For this example we'll read in the GenBank format file \href{http://biopython.org/DIST/docs/tutorial/examples/ls_orchid.gbk}{ls\_orchid.gbk} and write it out in FASTA format:
\begin{verbatim}
from Bio import SeqIO
records = SeqIO.parse("ls_orchid.gbk", "genbank")
count = SeqIO.write(records, "my_example.fasta", "fasta")
print "Converted %i records" % count
\end{verbatim}
Still, that is a little bit complicated. So, because file conversion is such a
common task, Biopython 1.52 introduced a helper function letting you replace
that with just:
\begin{verbatim}
from Bio import SeqIO
count = SeqIO.convert("ls_orchid.gbk", "genbank", "my_example.fasta", "fasta")
print "Converted %i records" % count
\end{verbatim}
The \verb|Bio.SeqIO.convert()| function will take handles \emph{or} filenames.
Watch out though -- if the output file already exists, it will overwrite it!

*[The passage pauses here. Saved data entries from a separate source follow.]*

text \<open>If M were not Schur-stable it would have an eigenvector x with eigenvalue of modulus
  at least 1; as M is nonnegative, y = |x| satisfies y \<le> M y. Write y = (p, q). Adding the two
  block rows, the D-couplings cancel: p + q \<le> A p + B q. Weighting this by v and using
  v^T A \<le> v^T, v^T B \<le> v^T, the total defect equals -(s\<cdot>p + t\<cdot>q) for the slacks
  s, t \<ge> 0 of v, so all inequalities are tight; since s + t > 0, at each index p or q
  vanishes. Then each block row loses its coupling term, giving A p = p and B q = q, and
  one of p, q is a nonzero fixed vector, contradicting the stability of A or B.\<close>

lemma sum_lessThan_add:
  fixes f :: "nat \<Rightarrow> 'a::comm_monoid_add"
  shows "(\<Sum>j<n + m. f j) = (\<Sum>j<n. f j) + (\<Sum>j<m. f (n + j))"
  by (induct m) (simp_all add: add.assoc)

lemma sum_weighted_row_sums:
  fixes v p :: "nat \<Rightarrow> 'a::comm_semiring_1"
  shows "(\<Sum>i<n. v i * (\<Sum>j<n. a i j * p j)) = (\<Sum>j<n. (\<Sum>i<n. v i * a i j) * p j)"
proof -
  have "(\<Sum>i<n. v i * (\<Sum>j<n. a i j * p j)) = (\<Sum>i<n. \<Sum>j<n. v i * a i j * p j)"
    by (simp add: sum_distrib_left mult.assoc)
  also have "\<dots> = (\<Sum>j<n. \<Sum>i<n. v i * a i j * p j)" by (rule sum.swap)
  also have "\<dots> = (\<Sum>j<n. (\<Sum>i<n. v i * a i j) * p j)" by (simp add: sum_distrib_right)
  finally show ?thesis .
qed

lemma joint_copositive_balance:
  fixes a b :: "nat \<Rightarrow> nat \<Rightarrow> real" and v p q :: "nat \<Rightarrow> real"
  assumes v0: "\<And>i. i < n \<Longrightarrow> v i > 0"
    and p0: "\<And>i. i < n \<Longrightarrow> p i \<ge> 0" and q0: "\<And>i. i < n \<Longrightarrow> q i \<ge> 0"
    and vA: "\<And>j. j < n \<Longrightarrow> (\<Sum>i<n. v i * a i j) \<le> v j"
    and vB: "\<And>j. j < n \<Longrightarrow> (\<Sum>i<n. v i * b i j) \<le> v j"
    and vAB: "\<And>j. j < n \<Longrightarrow> (\<Sum>i<n. v i * a i j) + (\<Sum>i<n. v i * b i j) < 2 * v j"
    and sub: "\<And>i. i < n \<Longrightarrow> p i + q i \<le> (\<Sum>j<n. a i j * p j) + (\<Sum>j<n. b i j * q j)"
    and i: "i < n"
  shows "(\<Sum>j<n. a i j * p j) + (\<Sum>j<n. b i j * q j) = p i + q i"
    and "p i = 0 \<or> q i = 0"
proof -
  define r where "r i = (\<Sum>j<n. a i j * p j) + (\<Sum>j<n. b i j * q j) - p i - q i" for i
  define s where "s j = v j - (\<Sum>i<n. v i * a i j)" for j
  define t where "t j = v j - (\<Sum>i<n. v i * b i j)" for j
  have r0: "j < n \<Longrightarrow> v j * r j \<ge> 0" for j
    using sub[of j] v0[of j] by (simp add: r_def)
  have st0: "j < n \<Longrightarrow> s j * p j + t j * q j \<ge> 0" for j
    using vA[of j] vB[of j] p0[of j] q0[of j] by (simp add: s_def t_def)
  have "(\<Sum>j<n. v j * r j) = (\<Sum>i<n. v i * (\<Sum>j<n. a i j * p j))
      + (\<Sum>i<n. v i * (\<Sum>j<n. b i j * q j)) - (\<Sum>j<n. v j * p j) - (\<Sum>j<n. v j * q j)"
    by (simp add: r_def ring_distribs sum.distrib sum_subtractf)
  also have "\<dots> = (\<Sum>j<n. (\<Sum>i<n. v i * a i j) * p j) + (\<Sum>j<n. (\<Sum>i<n. v i * b i j) * q j)
      - (\<Sum>j<n. v j * p j) - (\<Sum>j<n. v j * q j)"
    by (simp only: sum_weighted_row_sums)
  also have "\<dots> = - (\<Sum>j<n. s j * p j + t j * q j)"
    by (simp add: s_def t_def left_diff_distrib sum.distrib sum_subtractf)
  finally have balance: "(\<Sum>j<n. v j * r j) = - (\<Sum>j<n. s j * p j + t j * q j)" .
  have "(\<Sum>j<n. v j * r j) \<ge> 0" "(\<Sum>j<n. s j * p j + t j * q j) \<ge> 0"
    using r0 st0 by (intro conjI sum_nonneg; simp)+
  then have "(\<Sum>j<n. v j * r j) = 0" "(\<Sum>j<n. s j * p j + t j * q j) = 0"
    using balance by linarith+
  then have "v i * r i = 0" "s i * p i + t i * q i = 0"
    using r0 st0 i sum_nonneg_eq_0_iff[of "{..<n}" "\<lambda>j. v j * r j"]
      sum_nonneg_eq_0_iff[of "{..<n}" "\<lambda>j. s j * p j + t j * q j"]
    by auto
  then show "(\<Sum>j<n. a i j * p j) + (\<Sum>j<n. b i j * q j) = p i + q i"
    using v0[OF i] by (simp add: r_def)
  have "s i * p i = 0" "t i * q i = 0" "s i + t i > 0"
    using \<open>s i * p i + t i * q i = 0\<close> vA[OF i] vB[OF i] vAB[OF i] p0[OF i] q0[OF i]
    by (simp_all add: s_def t_def add_nonneg_eq_0_iff)
  then show "p i = 0 \<or> q i = 0" by auto
qed

lemma joint_copositive_coupled_fixed:
  fixes a b :: "nat \<Rightarrow> nat \<Rightarrow> real" and d v p q :: "nat \<Rightarrow> real"
  assumes a0: "\<And>i j. i < n \<Longrightarrow> j < n \<Longrightarrow> a i j \<ge> 0"
    and b0: "\<And>i j. i < n \<Longrightarrow> j < n \<Longrightarrow> b i j \<ge> 0"
    and d0: "\<And>i. i < n \<Longrightarrow> d i \<ge> 0"
    and v0: "\<And>i. i < n \<Longrightarrow> v i > 0"
    and p0: "\<And>i. i < n \<Longrightarrow> p i \<ge> 0" and q0: "\<And>i. i < n \<Longrightarrow> q i \<ge> 0"
    and vA: "\<And>j. j < n \<Longrightarrow> (\<Sum>i<n. v i * a i j) \<le> v j"
    and vB: "\<And>j. j < n \<Longrightarrow> (\<Sum>i<n. v i * b i j) \<le> v j"
    and vAB: "\<And>j. j < n \<Longrightarrow> (\<Sum>i<n. v i * a i j) + (\<Sum>i<n. v i * b i j) < 2 * v j"
    and hp: "\<And>i. i < n \<Longrightarrow> p i + d i * p i \<le> (\<Sum>j<n. a i j * p j) + d i * q i"
    and hq: "\<And>i. i < n \<Longrightarrow> q i + d i * q i \<le> (\<Sum>j<n. b i j * q j) + d i * p i"
    and i: "i < n"
  shows "(\<Sum>j<n. a i j * p j) = p i" and "(\<Sum>j<n. b i j * q j) = q i"
proof -
  have sub: "p k + q k \<le> (\<Sum>j<n. a k j * p j) + (\<Sum>j<n. b k j * q j)" if "k < n" for k
    using hp[OF that] hq[OF that] by linarith
  note balance = joint_copositive_balance[OF v0 p0 q0 vA vB vAB sub i]
  have Ap: "(\<Sum>j<n. a i j * p j) \<ge> 0" and Bq: "(\<Sum>j<n. b i j * q j) \<ge> 0"
    using a0 b0 p0 q0 i by (auto intro!: sum_nonneg)
  have "p i \<le> (\<Sum>j<n. a i j * p j)" "q i \<le> (\<Sum>j<n. b i j * q j)"
    using balance(2) hp[OF i] hq[OF i] Ap Bq
      mult_nonneg_nonneg[OF d0[OF i] p0[OF i]] mult_nonneg_nonneg[OF d0[OF i] q0[OF i]]
    by auto
  with balance(1) show "(\<Sum>j<n. a i j * p j) = p i" "(\<Sum>j<n. b i j * q j) = q i"
    by linarith+
qed

lemma sum_diagonal_mat_row:
  fixes D :: "'a::semiring_0 mat"
  assumes "D \<in> carrier_mat n n" and "diagonal_mat D" and "i < n"
  shows "(\<Sum>j<n. D $$ (i, j) * f j) = D $$ (i, i) * f i"
proof -
  have "(\<Sum>j<n. D $$ (i, j) * f j) = (\<Sum>j<n. if j = i then D $$ (i, i) * f i else 0)"
    using assms unfolding diagonal_mat_def by (intro sum.cong) auto
  with assms(3) show ?thesis by simp
qed

lemma nonneg_mat_four_block:
  assumes "P \<in> carrier_mat n n" "Q \<in> carrier_mat n n" "R \<in> carrier_mat n n" "S \<in> carrier_mat n n"
    and "nonneg_mat n P" "nonneg_mat n Q" "nonneg_mat n R" "nonneg_mat n S"
  shows "nonneg_mat (n + n) (four_block_mat P Q R S)"
  using assms by (auto simp: nonneg_mat_def)

lemma four_block_mat_row_sums:
  fixes P Q R S :: "'a::semiring_0 mat"
  assumes "P \<in> carrier_mat n n" "Q \<in> carrier_mat n n" "R \<in> carrier_mat n n" "S \<in> carrier_mat n n"
    and "i < n"
  shows "(\<Sum>j<n + n. four_block_mat P Q R S $$ (i, j) * y j)
      = (\<Sum>j<n. P $$ (i, j) * y j) + (\<Sum>j<n. Q $$ (i, j) * y (n + j))"
    and "(\<Sum>j<n + n. four_block_mat P Q R S $$ (n + i, j) * y j)
      = (\<Sum>j<n. R $$ (i, j) * y j) + (\<Sum>j<n. S $$ (i, j) * y (n + j))"
  using assms by (simp_all add: sum_lessThan_add)

lemma not_schur_stable_eigenvector:
  assumes "M \<in> carrier_mat m m" and "m > 0" and "\<not> schur_stable M"
  obtains lam x where "eigenvector (map_mat complex_of_real M) x lam" and "norm lam \<ge> 1"
proof -
  have "map_mat complex_of_real M \<in> carrier_mat m m" using assms(1) by simp
  from spectral_radius_mem_max(1)[OF this assms(2)] obtain lam where
    "lam \<in> spectrum (map_mat complex_of_real M)"
    and "spectral_radius (map_mat complex_of_real M) = norm lam"
    by auto
  with assms(3) that show ?thesis
    unfolding schur_stable_def spectrum_def eigenvalue_def by auto
qed

lemma eigenvector_abs_subinvariant:
  fixes M :: "real mat"
  assumes M: "M \<in> carrier_mat m m" and M0: "nonneg_mat m M"
    and ev: "eigenvector (map_mat complex_of_real M) x lam" and lam: "norm lam \<ge> 1"
    and i: "i < m"
  shows "cmod (x $ i) \<le> (\<Sum>j<m. M $$ (i, j) * cmod (x $ j))"
proof -
  have x: "x \<in> carrier_vec m" and Mx: "map_mat complex_of_real M *\<^sub>v x = lam \<cdot>\<^sub>v x"
    using ev M unfolding eigenvector_def by auto
  have "cmod (x $ i) \<le> norm lam * cmod (x $ i)"
    using lam by (simp add: mult_le_cancel_right1)
  also have "\<dots> = cmod ((map_mat complex_of_real M *\<^sub>v x) $ i)"
    using Mx x i by (simp add: norm_mult)
  also have "\<dots> = cmod (\<Sum>j<m. complex_of_real (M $$ (i, j)) * x $ j)"
    using M x i by (simp add: mult_mat_vec_def scalar_prod_def lessThan_atLeast0)
  also have "\<dots> \<le> (\<Sum>j<m. cmod (complex_of_real (M $$ (i, j)) * x $ j))"
    by (rule norm_sum)
  also have "\<dots> = (\<Sum>j<m. M $$ (i, j) * cmod (x $ j))"
    using M0 i by (intro sum.cong) (auto simp: norm_mult nonneg_mat_def)
  finally show ?thesis .
qed

lemma fixed_vector_not_schur_stable:
  fixes A :: "real mat" and p :: "nat \<Rightarrow> real"
  assumes A: "A \<in> carrier_mat n n" and k: "k < n" "p k \<noteq> 0"
    and fixed: "\<And>i. i < n \<Longrightarrow> (\<Sum>j<n. A $$ (i, j) * p j) = p i"
  shows "\<not> schur_stable A"
proof
  assume stable: "schur_stable A"
  let ?Ac = "map_mat complex_of_real A" and ?pc = "vec n (\<lambda>i. complex_of_real (p i))"
  have "?Ac *\<^sub>v ?pc = 1 \<cdot>\<^sub>v ?pc"
  proof (rule eq_vecI)
    fix i assume "i < dim_vec (1 \<cdot>\<^sub>v ?pc)"
    then have i: "i < n" by simp
    have "(?Ac *\<^sub>v ?pc) $ i = complex_of_real (\<Sum>j<n. A $$ (i, j) * p j)"
      using A i by (simp add: mult_mat_vec_def scalar_prod_def lessThan_atLeast0)
    then show "(?Ac *\<^sub>v ?pc) $ i = (1 \<cdot>\<^sub>v ?pc) $ i" using fixed[OF i] i by simp
  qed (use A in simp)
  moreover have "?pc \<noteq> 0\<^sub>v n"
    using k by (metis index_vec index_zero_vec(1) of_real_eq_0_iff)
  ultimately have "eigenvalue ?Ac 1"
    using A unfolding eigenvalue_def eigenvector_def by (intro exI[of _ ?pc]) auto
  then have "norm (1::complex) \<in> norm ` spectrum ?Ac" unfolding spectrum_def by blast
  from spectral_radius_mem_max(2)[OF _ _ this, of n] A k stable show False
    unfolding schur_stable_def by simp
qed

lemma coupled_block_row_sums:
  fixes A B D :: "real mat"
  assumes A: "A \<in> carrier_mat n n" and B: "B \<in> carrier_mat n n" and D: "D \<in> carrier_mat n n"
    and dg: "diagonal_mat D" and i: "i < n"
  shows "(\<Sum>j<n + n. four_block_mat (A - D) D D (B - D) $$ (i, j) * y j) + D $$ (i, i) * y i
      = (\<Sum>j<n. A $$ (i, j) * y j) + D $$ (i, i) * y (n + i)"
    and "(\<Sum>j<n + n. four_block_mat (A - D) D D (B - D) $$ (n + i, j) * y j) + D $$ (i, i) * y (n + i)
      = (\<Sum>j<n. B $$ (i, j) * y (n + j)) + D $$ (i, i) * y i"
proof -
  have minus: "(\<Sum>j<n. (X - D) $$ (i, j) * z j) = (\<Sum>j<n. X $$ (i, j) * z j) - D $$ (i, i) * z i"
    if "X \<in> carrier_mat n n" for X and z :: "nat \<Rightarrow> real"
    using that D dg i
    by (simp add: left_diff_distrib sum_subtractf sum_diagonal_mat_row[OF D dg i])
  have "A - D \<in> carrier_mat n n" "B - D \<in> carrier_mat n n" using A B D by auto
  note rows = four_block_mat_row_sums[OF this(1) D D this(2) i, of y]
  show "(\<Sum>j<n + n. four_block_mat (A - D) D D (B - D) $$ (i, j) * y j) + D $$ (i, i) * y i
      = (\<Sum>j<n. A $$ (i, j) * y j) + D $$ (i, i) * y (n + i)"
    unfolding rows minus[OF A] sum_diagonal_mat_row[OF D dg i, of "\<lambda>j. y (n + j)"] by simp
  show "(\<Sum>j<n + n. four_block_mat (A - D) D D (B - D) $$ (n + i, j) * y j) + D $$ (i, i) * y (n + i)
      = (\<Sum>j<n. B $$ (i, j) * y (n + j)) + D $$ (i, i) * y i"
    unfolding rows minus[OF B] sum_diagonal_mat_row[OF D dg i, of y] by simp
qed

To find out more, see the built in help:
\begin{verbatim}
>>> from Bio import SeqIO
>>> help(SeqIO.convert)
...
\end{verbatim}
In principle, just by changing the filenames and the format names, this code
could be used to convert between any file formats available in Biopython.
However, writing some formats requires information (e.g. quality scores) which
other files formats don't contain. For example, while you can turn a FASTQ
file into a FASTA file, you can't do the reverse. See also
Sections~\ref{sec:SeqIO-fastq-conversion} and~\ref{sec:SeqIO-fasta-qual-conversion}
in the cookbook chapter which looks at inter-converting between different FASTQ formats.
Finally, as an added incentive for using the \verb|Bio.SeqIO.convert()| function
(on top of the fact your code will be shorter), doing it this way may also be
faster! The reason for this is the convert function can take advantage of
several file format specific optimisations and tricks.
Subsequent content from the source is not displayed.